~ 18 September 2006 ~

English To You, But Greek To Him

Is the English Bible that much of a mystery that those not schooled in Koine Greek or Biblical Hebrew cannot understand it? That seems to be the impression that some give, including the pastor of the church my family visited last weekend.

This pastor’s argument was that you couldn’t understand the following verse without knowing Greek:

Then I saw a new heaven and a new earth, for the first heaven and the first earth had passed away, and the sea was no more.
Revelation 21:1 [ESV]

The basis for his argument was that the Greek word for new (kainos), didn’t mean “new” in this case. He said, “It means new as opposed to old — a fresh heaven and earth — something your English Bible doesn’t convey.”

“Huh,” you say?

Don’t worry, I was just as confused. This pastor, however, seemed quite sure of his superior knowledge as to the “real” meaning of the word “new.” After all, doesn’t it really depend upon what “is” is?

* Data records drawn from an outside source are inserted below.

lemma normalized_border_sum_limit:
  fixes l f :: "complex mpoly" and \<alpha> :: "nat \<Rightarrow> complex fls" and \<beta> :: "nat \<Rightarrow> complex fls mpoly"
  assumes l: "hom_poly n 1 l" "Poly_Mapping.lookup l (Poly_Mapping.single j 1) \<noteq> 0"
    and \<beta>: "\<And>k. k < r \<Longrightarrow> hom_poly n 1 (\<beta> k) \<and> free_of_var j (\<beta> k) \<and> laurent_order_ge 1 (\<beta> k)"
    and lim: "coeffwise_lim (\<Sum>k<r. (Poly_Mapping.single 0 (\<alpha> k) * (mpoly_to_fls l + \<beta> k)) ^ d) f"
    and "r - 1 \<le> d"
  shows "\<exists>g. hom_poly n (r - 1) g \<and> f = l ^ (d + 1 - r) * g"
proof -
  define B where "B s = (\<Sum>k<r. Poly_Mapping.single 0 (\<alpha> k) ^ d * \<beta> k ^ s)" for s
  have expansion: "(\<Sum>k<r. (Poly_Mapping.single 0 (\<alpha> k) * (mpoly_to_fls l + \<beta> k)) ^ d) =
      (\<Sum>s\<le>d. of_nat (d choose s) * mpoly_to_fls l ^ (d - s) * B s)"
    unfolding B_def by (rule sum_power_binomial_expansion)
  have free: "free_of_var j (B s)" for s
    unfolding B_def using \<beta> by (intro free_of_var_sum free_of_var_mult free_of_var_power free_of_var_single_0) auto
  have "hom_poly n (d * 0 + s * 1) (B s)" for s
    unfolding B_def using \<beta> by (intro hom_poly_sum hom_poly_mult hom_poly_power hom_poly_single_0) auto
  then have hom: "hom_poly n s (B s)" for s
    by simp
  have pole_free: "laurent_order_ge 0 (B s)" if "s \<le> d" for s
    using lim that unfolding coeffwise_lim_iff expansion
    by (intro power_expansion_laurent_order_ge_0[OF l free]) auto
  have "laurent_order_ge 1 (B s)" if "r \<le> s" "s \<le> d" for s
    using \<beta> that pole_free unfolding B_def by (intro power_sum_laurent_order_ge_1) auto
  then have "laurent_coeff (B s) 0 = 0" if "r \<le> s" "s \<le> d" for s
    using that by (intro laurent_coeff_eq_0) auto
  moreover have "hom_poly n s (of_nat (d choose s) * laurent_coeff (B s) 0)" for s
    using hom_poly_mult[OF hom_poly_of_nat hom_poly_laurent_coeff[OF hom]] by simp
  ultimately have "\<exists>g. hom_poly n (r - 1) g \<and>
      (\<Sum>s\<le>d. l ^ (d - s) * (of_nat (d choose s) * laurent_coeff (B s) 0)) = l ^ (d + 1 - r) * g"
    using \<open>r - 1 \<le> d\<close> by (intro power_expansion_factor[OF l(1)]) auto
  moreover have "f = (\<Sum>s\<le>d. l ^ (d - s) * (of_nat (d choose s) * laurent_coeff (B s) 0))"
    using lim by (simp add: coeffwise_lim_iff expansion laurent_coeff_power_expansion)
  ultimately show ?thesis
    by simp
qed
theorem theorem18:
  fixes C :: "(nat \<Rightarrow> 'a::{field,finite}) set" and n k d :: nat
  assumes "linear_code n C"
    and "code_dim C = k"
    and "min_distance n C = d"
    and "d = n - k + 1"
    and "d \<ge> 3"
  shows "stopping_redundancy n C \<le> (n choose (d - 2)) - U n (d - 2) (min k (n - k - 1))"
proof -
  interpret mds_code C n k
  proof
    show "n - k < hweight n c" if "c \<in> C" "c \<noteq> 0" for c
      using min_distance_le_hweight[OF that, where n = n] assms(3,4) by simp
  qed (use assms in auto)
  define m where "m = min k (n - k - 1)"
  obtain A where A: "\<forall>i<m. cw_code n (n - k - 1) (A i)"
    and U_eq: "U n (n - k - 1) m = card (\<Union>i<m. A i)"
    using U_attained by blast
  interpret mds_code_removal C n k A m
    using A assms(4,5) by unfold_locales (auto simp: m_def)
  have "stopping_redundancy n C \<le> card kept_zero_sets" by (rule stopping_redundancy_le_card_kept)
  also have "\<dots> = (n choose (d - 2)) - U n (d - 2) (min k (n - k - 1))"
    using card_kept_zero_sets U_eq assms(4) by (simp add: m_def)
  finally show ?thesis .
qed

end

Is there really that much of a disconnect between the original languages and most modern English translations? The short answer is no.

Don’t get me wrong — there’s great benefit to study and use of the biblical languages. The sense of the text can be greatly enlightened by observing the original language structure. And, on occasion, there are valid discrepancies one can find between the ancient texts and many English translations.

That said, to imply that one can’t understand the Bible without knowledge of Greek and Hebrew is arrogant at best, and gnostic at worse. It also fosters an agnosticism among the congregation that risks leaving them suspicious of the only Bible they can read.

For one thing, most pastors aren’t equipped enough to be so confident in dashing off In my seminary days, I took five semesters each of Hebrew and Greek. This is considerably more exposure to the languages than the average churchgoer. This also only qualifies me just enough to be dangerous. I need years more spent in the text before I’d feel qualified to call myself anything beyond a novice. This area of study is tricky (just ask my lingui-genius friend Charles Halton), and unless you’re able to preach directly from a Greek or Hebrew text, tread very lightly (even then…).

One of the most helpful tips I learned in seminary was to never use the foreign language from the pulpit. Use it in your study, to be sure — just remember that most people in the pews don’t have a working knowledge of the hiphil stem of YRD, and even fewer care — that’s the preacher’s job.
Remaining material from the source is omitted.